The diagnostic evaluation of patients with this syndrome is complicated. In arriving at a diagnosis, it is important to identify cases where the clinical presentation includes both serious medical illness (e.g., pneumonia, systemic infection, etc.) and untreated or inadequately treated extrapyramidal signs and symptoms (EPS). Other important considerations in the differential diagnosis include central anticholinergic toxicity, heat stroke, malignant hyperthermia, drug fever and primary central nervous system (CNS) pathology.
The management of NMS should include 1) immediate discontinuation of metoclopramide and other drugs not essential to concurrent therapy, 2) intensive symptomatic treatment and medical monitoring, and 3) treatment of any concomitant serious medical problems for which specific treatments are available. Bromocriptine and dantrolene sodium have been used in treatment of NMS, but their effectiveness have not been established (see ADVERSE REACTIONS).
In one study in hypertensive patients, intravenously administered metoclopramide was shown to release catecholamines; hence, caution should be exercised when metoclopramide is used in patients with hypertension.

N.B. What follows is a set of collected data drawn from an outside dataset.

subsection \<open>Split decompositions from columns\<close>

lemma mult_mat_vec_eq_col_sum:
  fixes G :: "'a::comm_ring_1 mat"
  assumes G: "G \<in> carrier_mat (Suc d) (Suc d)"
  shows "G *\<^sub>v vec (Suc d) c = vec (Suc d) (\<lambda>k. \<Sum>i\<le>d. (c i \<cdot>\<^sub>v col G i) $ k)"
proof (rule eq_vecI)
  fix k assume "k < dim_vec (vec (Suc d) (\<lambda>k. \<Sum>i\<le>d. (c i \<cdot>\<^sub>v col G i) $ k))"
  then have k: "k < Suc d" by simp
  have "(G *\<^sub>v vec (Suc d) c) $ k = (\<Sum>i<Suc d. G $$ (k,i) * c i)"
    using G k by (simp add: scalar_prod_def lessThan_atLeast0)
  also have "\<dots> = (\<Sum>i\<le>d. (c i \<cdot>\<^sub>v col G i) $ k)"
    unfolding lessThan_Suc_atMost using G k by (intro sum.cong) auto
  finally show "(G *\<^sub>v vec (Suc d) c) $ k = vec (Suc d) (\<lambda>k. \<Sum>i\<le>d. (c i \<cdot>\<^sub>v col G i) $ k) $ k"
    using k by simp
qed (use G in simp)

lemma decomposition_cols:
  fixes G H :: "'a::field mat"
  assumes G: "G \<in> carrier_mat (Suc d) (Suc d)" and H: "H \<in> carrier_mat (Suc d) (Suc d)"
    and GH: "G * H = 1\<^sub>m (Suc d)" and HG: "H * G = 1\<^sub>m (Suc d)"
  shows "decomposition d (\<lambda>i. {c \<cdot>\<^sub>v col G i | c. True})"
  unfolding decomposition_def
proof (intro conjI allI impI ballI)
  fix i assume i: "i \<le> d"
  have "row H i \<bullet> col G i = 1" using arg_cong[OF HG, of "\<lambda>X. X $$ (i,i)"] G H i by simp
  moreover have "row H i \<in> carrier_vec (Suc d)" using H by (simp add: row_def)
  ultimately have "col G i \<noteq> 0\<^sub>v (Suc d)" by auto
  then show "\<exists>v. v \<in> carrier_vec (Suc d) \<and> v \<noteq> 0\<^sub>v (Suc d) \<and>
      {c \<cdot>\<^sub>v col G i | c. True} = {c \<cdot>\<^sub>v v | c. True}"
    using col_carrier_vec[OF _ G, of i] i by (intro exI[of _ "col G i"]) simp
next
  fix x :: "'a vec" assume x: "x \<in> carrier_vec (Suc d)"
  let ?split = "\<lambda>u. (\<forall>i\<le>d. u i \<in> {c \<cdot>\<^sub>v col G i | c. True}) \<and> (\<forall>i>d. u i = 0\<^sub>v (Suc d)) \<and>
    x = vec (Suc d) (\<lambda>k. \<Sum>i\<le>d. u i $ k)"
  define y where "y = H *\<^sub>v x"
  define u where "u i = (if i \<le> d then (y $ i) \<cdot>\<^sub>v col G i else 0\<^sub>v (Suc d))" for i
  have "x = (G * H) *\<^sub>v x" using GH x by simp
  also have "\<dots> = G *\<^sub>v vec (Suc d) (\<lambda>i. y $ i)"
    using G H x unfolding y_def by (auto intro!: arg_cong[of _ _ "\<lambda>v. G *\<^sub>v v"])
  finally have "x = vec (Suc d) (\<lambda>k. \<Sum>i\<le>d. u i $ k)"
    unfolding mult_mat_vec_eq_col_sum[OF G] u_def by (auto intro!: eq_vecI sum.cong)
  then have "?split u" unfolding u_def by auto
  moreover have "v = u" if v: "?split v" for v
  proof -
    have "\<forall>i. \<exists>c. i \<le> d \<longrightarrow> v i = c \<cdot>\<^sub>v col G i" using v by blast
    then obtain c where c: "\<forall>i\<le>d. v i = c i \<cdot>\<^sub>v col G i" by metis
    have "x = G *\<^sub>v vec (Suc d) c"
      using v c unfolding mult_mat_vec_eq_col_sum[OF G] by (auto intro!: eq_vecI sum.cong)
    then have "y = (H * G) *\<^sub>v vec (Suc d) c" unfolding y_def using G H by simp
    then have "\<forall>i\<le>d. y $ i = c i" using HG by auto
    then show "v = u" using c v unfolding u_def by auto
  qed
  ultimately show "\<exists>!u. ?split u" by blast
qed

lemma image_line_mult_mat_vec:
  fixes M :: "'a::field mat"
  assumes M: "M \<in> carrier_mat n n" and g: "g \<in> carrier_vec n"
    and Mg: "M *\<^sub>v g = a \<cdot>\<^sub>v g'" and a: "a \<noteq> 0"
  shows "(\<lambda>v. M *\<^sub>v v) ` {c \<cdot>\<^sub>v g | c. True} = {c \<cdot>\<^sub>v g' | c. True}"
proof (intro equalityI subsetI)
  fix x assume "x \<in> (\<lambda>v. M *\<^sub>v v) ` {c \<cdot>\<^sub>v g | c. True}"
  then obtain c where "x = M *\<^sub>v (c \<cdot>\<^sub>v g)" by auto
  then have "x = (c * a) \<cdot>\<^sub>v g'" using mult_mat_vec[OF M g] Mg by (simp add: smult_smult_assoc)
  then show "x \<in> {c \<cdot>\<^sub>v g' | c. True}" by auto
next
  fix x assume "x \<in> {c \<cdot>\<^sub>v g' | c. True}"
  then obtain c where x: "x = c \<cdot>\<^sub>v g'" by auto
  have "M *\<^sub>v ((c / a) \<cdot>\<^sub>v g) = x" using mult_mat_vec[OF M g] Mg a x by (simp add: smult_smult_assoc)
  then show "x \<in> (\<lambda>v. M *\<^sub>v v) ` {c \<cdot>\<^sub>v g | c. True}" by force
qed

lemma image_line_mult_mat_vec_zero:
  fixes M :: "'a::field mat"
  assumes M: "M \<in> carrier_mat n n" and g: "g \<in> carrier_vec n" and Mg: "M *\<^sub>v g = 0\<^sub>v n"
  shows "(\<lambda>v. M *\<^sub>v v) ` {c \<cdot>\<^sub>v g | c. True} = {0\<^sub>v n}"
proof -
  have Mg0: "M *\<^sub>v (c \<cdot>\<^sub>v g) = 0\<^sub>v n" for c using mult_mat_vec[OF M g] Mg by (auto intro!: eq_vecI)
  then have "0\<^sub>v n \<in> (\<lambda>v. M *\<^sub>v v) ` {c \<cdot>\<^sub>v g | c. True}" by (intro image_eqI[where x = "0 \<cdot>\<^sub>v g"]) auto
  then show ?thesis using Mg0 by auto
qed

lemma mult_minus_smult_one_col_index:
  fixes A G :: "'a::field mat"
  assumes A: "A \<in> carrier_mat n n" and G: "G \<in> carrier_mat n n" and i: "i < n" and m: "m < n"
  shows "((A - c \<cdot>\<^sub>m 1\<^sub>m n) *\<^sub>v col G i) $ m = (A * G) $$ (m,i) - c * G $$ (m,i)"
proof -
  have "(A - c \<cdot>\<^sub>m 1\<^sub>m n) *\<^sub>v col G i = col ((A - c \<cdot>\<^sub>m 1\<^sub>m n) * G) i"
    by (rule col_mult2[symmetric]) (use A G i in auto)
  moreover have "(A - c \<cdot>\<^sub>m 1\<^sub>m n) * G = A * G - c \<cdot>\<^sub>m G"
    using A G by (simp add: minus_mult_distrib_mat[of _ n n] mult_smult_assoc_mat[of _ n n])
  ultimately show ?thesis using A G i m by simp
qed

lemma col_lower_bidiag_shift:
  fixes A G :: "'a::field mat"
  assumes A: "A \<in> carrier_mat (Suc d) (Suc d)" and G: "G \<in> carrier_mat (Suc d) (Suc d)"
    and AG: "A * G = G * lower_bidiag d \<eta>" and i: "i \<le> d"
  shows "(A - \<eta> i \<cdot>\<^sub>m 1\<^sub>m (Suc d)) *\<^sub>v col G i = (if i < d then col G (i+1) else 0\<^sub>v (Suc d))"
proof (rule eq_vecI)
  fix m assume "m < dim_vec (if i < d then col G (i+1) else 0\<^sub>v (Suc d))"
  then have m: "m < Suc d" using G by (simp split: if_splits)
  show "((A - \<eta> i \<cdot>\<^sub>m 1\<^sub>m (Suc d)) *\<^sub>v col G i) $ m = (if i < d then col G (i+1) else 0\<^sub>v (Suc d)) $ m"
    using mult_minus_smult_one_col_index[OF A G _ m] mult_lower_bidiag_index[OF G m i] i m G
    unfolding AG by auto
qed (use A G in simp)

lemma col_upper_bidiag_shift:
  fixes As G :: "'a::field mat"
  assumes As: "As \<in> carrier_mat (Suc d) (Suc d)" and G: "G \<in> carrier_mat (Suc d) (Suc d)"
    and AsG: "As * G = G * upper_bidiag d \<eta>s \<phi>" and i: "i \<le> d"
  shows "(As - \<eta>s i \<cdot>\<^sub>m 1\<^sub>m (Suc d)) *\<^sub>v col G i =
    (if 0 < i then \<phi> i \<cdot>\<^sub>v col G (i-1) else 0\<^sub>v (Suc d))"
proof (rule eq_vecI)
  fix m assume "m < dim_vec (if 0 < i then \<phi> i \<cdot>\<^sub>v col G (i-1) else 0\<^sub>v (Suc d))"
  then have m: "m < Suc d" using G by (simp split: if_splits)
  show "((As - \<eta>s i \<cdot>\<^sub>m 1\<^sub>m (Suc d)) *\<^sub>v col G i) $ m =
      (if 0 < i then \<phi> i \<cdot>\<^sub>v col G (i-1) else 0\<^sub>v (Suc d)) $ m"
    using mult_minus_smult_one_col_index[OF As G _ m] mult_upper_bidiag_index[OF G m i] i m G
    unfolding AsG by (cases "0 < i") (simp_all add: mult.commute)
qed (use As G in simp)

lemma split_decomposition_of_bidiagonal_similarity:
  fixes A As G H :: "'a::field mat"
  assumes simA: "similar_mat_wit A (lower_bidiag d \<eta>) G H"
    and simAs: "similar_mat_wit As (upper_bidiag d \<eta>s \<phi>) G H"
    and \<phi>: "\<forall>i\<in>{1..d}. \<phi> i \<noteq> 0"
  shows "split_decomposition d A As \<eta> \<eta>s (\<lambda>i. {c \<cdot>\<^sub>v col G i | c. True})"
proof -
  have A: "A \<in> carrier_mat (Suc d) (Suc d)"
    using similar_mat_wit_carrier[OF simA lower_bidiag_carrier] .
  have As: "As \<in> carrier_mat (Suc d) (Suc d)"
    using similar_mat_wit_carrier[OF simAs upper_bidiag_carrier] .
  note G = similar_mat_witD2[OF A simA]
  have g: "col G i \<in> carrier_vec (Suc d)" if "i \<le> d" for i
    using col_carrier_vec[OF _ G(6), of i] that by simp
  have AI: "A - c \<cdot>\<^sub>m 1\<^sub>m (Suc d) \<in> carrier_mat (Suc d) (Suc d)"
    and AsI: "As - c \<cdot>\<^sub>m 1\<^sub>m (Suc d) \<in> carrier_mat (Suc d) (Suc d)" for c
    using A As by auto
  note shA = col_lower_bidiag_shift[OF A G(6) similar_mat_wit_mult_eqs(1)[OF simA A]]
  note shAs = col_upper_bidiag_shift[OF As G(6) similar_mat_wit_mult_eqs(1)[OF simAs As]]
  show ?thesis
    unfolding split_decomposition_def
  proof (intro conjI ballI allI impI)
    show "decomposition d (\<lambda>i. {c \<cdot>\<^sub>v col G i | c. True})"
      by (rule decomposition_cols[OF G(6,7,1,2)])
    show "(\<lambda>v. (A - \<eta> i \<cdot>\<^sub>m 1\<^sub>m (Suc d)) *\<^sub>v v) ` {c \<cdot>\<^sub>v col G i | c. True} =
        {c \<cdot>\<^sub>v col G (i+1) | c. True}" if "i < d" for i
    proof -
      have "(A - \<eta> i \<cdot>\<^sub>m 1\<^sub>m (Suc d)) *\<^sub>v col G i = 1 \<cdot>\<^sub>v col G (i+1)"
        using shA[of i] that g[of "i+1"] by simp
      from image_line_mult_mat_vec[OF AI g[of i] this one_neq_zero] that show ?thesis by simp
    qed
    show "(\<lambda>v. (A - \<eta> d \<cdot>\<^sub>m 1\<^sub>m (Suc d)) *\<^sub>v v) ` {c \<cdot>\<^sub>v col G d | c. True} = {0\<^sub>v (Suc d)}"
      using image_line_mult_mat_vec_zero[OF AI g[of d]] shA[of d] by simp
    show "(\<lambda>v. (As - \<eta>s i \<cdot>\<^sub>m 1\<^sub>m (Suc d)) *\<^sub>v v) ` {c \<cdot>\<^sub>v col G i | c. True} =
        {c \<cdot>\<^sub>v col G (i-1) | c. True}" if "i \<in> {1..d}" for i
      using image_line_mult_mat_vec[OF AsI g[of i]] shAs[of i] that \<phi> by simp
    show "(\<lambda>v. (As - \<eta>s 0 \<cdot>\<^sub>m 1\<^sub>m (Suc d)) *\<^sub>v v) ` {c \<cdot>\<^sub>v col G 0 | c. True} = {0\<^sub>v (Suc d)}"
      using image_line_mult_mat_vec_zero[OF AsI g[of 0]] shAs[of 0] by simp
  qed
qed

lemma split_sequence_of_bidiagonal_similarity:
  fixes A As G H :: "'a::field mat"
  assumes simA: "similar_mat_wit A (lower_bidiag d \<eta>) G H"
    and simAs: "similar_mat_wit As (upper_bidiag d \<eta>s \<phi>) G H"
    and \<phi>: "\<forall>i\<in>{1..d}. \<phi> i \<noteq> 0"
  shows "split_sequence d A As \<eta> \<eta>s \<phi>"
proof -
  have A: "A \<in> carrier_mat (Suc d) (Suc d)"
    using similar_mat_wit_carrier[OF simA lower_bidiag_carrier] .
  have As: "As \<in> carrier_mat (Suc d) (Suc d)"
    using similar_mat_wit_carrier[OF simAs upper_bidiag_carrier] .
  note G = similar_mat_witD2[OF A simA]
  have g: "col G i \<in> carrier_vec (Suc d)" if "i \<le> d" for i
    using col_carrier_vec[OF _ G(6), of i] that by simp
  have AI: "A - c \<cdot>\<^sub>m 1\<^sub>m (Suc d) \<in> carrier_mat (Suc d) (Suc d)"
    and AsI: "As - c \<cdot>\<^sub>m 1\<^sub>m (Suc d) \<in> carrier_mat (Suc d) (Suc d)" for c
    using A As by auto
  have "((A - \<eta> (i-1) \<cdot>\<^sub>m 1\<^sub>m (Suc d)) * (As - \<eta>s i \<cdot>\<^sub>m 1\<^sub>m (Suc d))) *\<^sub>v v = \<phi> i \<cdot>\<^sub>v v"
    if i: "i \<in> {1..d}" and v: "v \<in> {c \<cdot>\<^sub>v col G i | c. True}" for i v
  proof -
    obtain c where vc: "v = c \<cdot>\<^sub>v col G i" using v by auto
    have i1: "i - 1 \<le> d" using i by auto
    have "(As - \<eta>s i \<cdot>\<^sub>m 1\<^sub>m (Suc d)) *\<^sub>v v = (c * \<phi> i) \<cdot>\<^sub>v col G (i-1)"
      using vc col_upper_bidiag_shift[OF As G(6) similar_mat_wit_mult_eqs(1)[OF simAs As], of i] i
        mult_mat_vec[OF AsI g[of i]]
      by (simp add: smult_smult_assoc)
    moreover have "(A - \<eta> (i-1) \<cdot>\<^sub>m 1\<^sub>m (Suc d)) *\<^sub>v col G (i-1) = col G i"
      using col_lower_bidiag_shift[OF A G(6) similar_mat_wit_mult_eqs(1)[OF simA A], of "i-1"] i
      by auto
    ultimately show ?thesis
      using vc i g[of i] AI AsI mult_mat_vec[OF AI g[OF i1]]
      by (simp add: assoc_mult_mat_vec[of _ "Suc d" "Suc d" _ "Suc d"] smult_smult_assoc mult.commute)
  qed
  then show ?thesis
    using split_decomposition_of_bidiagonal_similarity[OF simA simAs \<phi>]
    unfolding split_sequence_def by blast
qed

Because metoclopramide produces a transient increase in plasma aldosterone, certain patients, especially those with cirrhosis or congestive heart failure, may be at risk of developing fluid retention and volume overload. If these side effects occur at any time during metoclopramide therapy, the drug should be discontinued.
Adverse reactions, especially those involving the nervous system, may occur after stopping the use of metoclopramide. A small number of patients may experience a withdrawal period after stopping metoclopramide that could include dizziness, nervousness, and/or headaches.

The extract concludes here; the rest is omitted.